++++ Supplied data

(* Let $f:\mathbb{R}^n\to\mathbb{R}$, $c:\mathbb{R}^n\to\mathbb{R}^m$, and consider Algorithm 1 (described in the context) under the Standing Assumption of the context. Then for every $k\in\mathbb{N}$ the inner loop over $j$ terminates finitely. Moreover, for all $k\in\mathbb{N}$, $$L_k\le L_{\max}:=\max\{L_{-1},\rho L\}\quad\text{and}\quad\gamma_{k,i}\le\gamma_{\max,i}:=\max\{\gamma_{-1,i},\rho\gamma_i\}\ \text{ for all } i\in\{1,\dots,m\}.$$
   Context: Notation: $g_k=\nabla f(x_k)$, $c_k=c(x_k)$, $J_k=\nabla c(x_k)^T$; $\phi(x,\tau)=\tau f(x)+\|c(x)\|_1$; $\Delta q(x,\tau,g,H,d)=-\tau(g^Td+\frac12\max\{d^THd,0\})+\|c(x)\|_1$. $\{H_k\}$ are symmetric with $\|H_k\|_2\le\kappa_H$ and $u^TH_ku\ge\zeta\|u\|_2^2$ whenever $J_ku=0$. Algorithm 1 (inputs $x_0$, $\tau_{-1}>0$, $\epsilon,\sigma,\eta\in(0,1)$, $\rho>1$, $L_{-1}>0$, $\gamma_{-1,i}>0$): at iteration $k$, $(d_k,y_k)$ solves $H_kd_k+J_k^Ty_k=-g_k$, $J_kd_k=-c_k$; stop if $g_k+J_k^Ty_k=0$ and $c_k=0$. Set $\tau_k^{trial}=\infty$ if $g_k^Td_k+\max\{d_k^TH_kd_k,0\}\le0$, else $\frac{(1-\sigma)\|c_k\|_1}{g_k^Td_k+\max\{d_k^TH_kd_k,0\}}$; $\tau_k=\tau_{k-1}$ if $\tau_{k-1}\le\tau_k^{trial}$, else $(1-\epsilon)\tau_k^{trial}$. Choose $L_{k,0}\in(0,L_{k-1}]$ and $\gamma_{k,i,0}\in(0,\gamma_{k-1,i}]$. For $j=0,1,\dots$: with $\Lambda_{k,j}=\tau_kL_{k,j}+\sum_i\gamma_{k,i,j}$, $\widehat\alpha_{k,j}=\frac{2(1-\eta)\Delta q(x_k,\tau_k,g_k,H_k,d_k)}{\Lambda_{k,j}\|d_k\|_2^2}$, $\widetilde\alpha_{k,j}=\widehat\alpha_{k,j}-\frac{4\|c_k\|_1}{\Lambda_{k,j}\|d_k\|_2^2}$; $\alpha_{k,j}=\widehat\alpha_{k,j}$ if $\widehat\alpha_{k,j}<1$, $1$ if $\widetilde\alpha_{k,j}\le1\le\widehat\alpha_{k,j}$, $\widetilde\alpha_{k,j}$ if $\widetilde\alpha_{k,j}>1$. Let (SD) be $\phi(x_k+\alpha_{k,j}d_k,\tau_k)\le\phi(x_k,\tau_k)-\eta\alpha_{k,j}\Delta q(x_k,\tau_k,g_k,H_k,d_k)$, (LF) be $f(x_k+\alpha_{k,j}d_k)\le f(x_k)+\alpha_{k,j}g_k^Td_k+\frac12L_{k,j}\alpha_{k,j}^2\|d_k\|_2^2$, (LC$_i$) be $|c_i(x_k+\alpha_{k,j}d_k)|\le|c_i(x_k)+\alpha_{k,j}\nabla c_i(x_k)^Td_k|+\frac12\gamma_{k,i,j}\alpha_{k,j}^2\|d_k\|_2^2$. If (SD) holds, or (LF) and all (LC$_i$) hold: set $L_k=L_{k,j}$, $\gamma_{k,i}=\gamma_{k,i,j}$, $\alpha_k=\alpha_{k,j}$, $x_{k+1}=x_k+\alpha_kd_k$ and end the inner loop. Otherwise $L_{k,j+1}=\rho L_{k,j}$ if (LF) fails (else $L_{k,j}$), and $\gamma_{k,i,j+1}=\rho\gamma_{k,i,j}$ if (LC$_i$) fails (else $\gamma_{k,i,j}$). Standing Assumption: there is an open convex set $\mathcal X$ containing all iterates and all trial points $x_k+\alpha_{k,j}d_k$; $f$ is $C^1$ and bounded below on $\mathcal X$, $\nabla f$ is bounded and Lipschitz with constant $L$ on $\mathcal X$; $c$ and $\nabla c^T$ are bounded on $\mathcal X$; each $\nabla c_i$ is Lipschitz with constant $\gamma_i$ on $\mathcal X$; singular values of $\nabla c(x)^T$ bounded away from zero uniformly over $\mathcal X$. *)

theory Defs
  imports "HOL-Analysis.Analysis"
begin

text \<open>Conventions. Vectors in R^n are real^'n, constraint values in R^m are real^'m.
 gc i x is the gradient of the i-th constraint c_i at x; the Jacobian J(x) has rows gc i x.\<close>

definition l1norm :: "real^'m \<Rightarrow> real" where
  "l1norm v = (\<Sum>i\<in>UNIV. \<bar>v $ i\<bar>)"

definition jac :: "('m \<Rightarrow> real^'n \<Rightarrow> real^'n) \<Rightarrow> real^'n \<Rightarrow> real^'n^'m" where
  "jac gc x = (\<chi> i. gc i x)"

definition merit :: "(real^'n \<Rightarrow> real) \<Rightarrow> (real^'n \<Rightarrow> real^'m) \<Rightarrow> real \<Rightarrow> real^'n \<Rightarrow> real" where
  "merit f c tau x = tau * f x + l1norm (c x)"

definition dq :: "real \<Rightarrow> real^'n \<Rightarrow> real^'n^'n \<Rightarrow> real^'n \<Rightarrow> real^'m \<Rightarrow> real" where
  "dq tau g H d cx = - tau * (g \<bullet> d + 1/2 * max (d \<bullet> (H *v d)) 0) + l1norm cx"

text \<open>Merit parameter update: returns tau_k from tau_{k-1} (trial value infinity when denominator <= 0).\<close>
definition tau_upd :: "real \<Rightarrow> real \<Rightarrow> real \<Rightarrow> real^'n \<Rightarrow> real^'n^'n \<Rightarrow> real^'n \<Rightarrow> real^'m \<Rightarrow> real" where
  "tau_upd eps sgm taup g H d cx =
     (let den = g \<bullet> d + max (d \<bullet> (H *v d)) 0 in
      if den \<le> 0 then taup
      else (let tr = (1 - sgm) * l1norm cx / den in
            if taup \<le> tr then taup else (1 - eps) * tr))"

++++++++

| Directions |
For the listing above, say how many lines hold the word "taup". Nothing but the number is needed.

| Exercise result |
3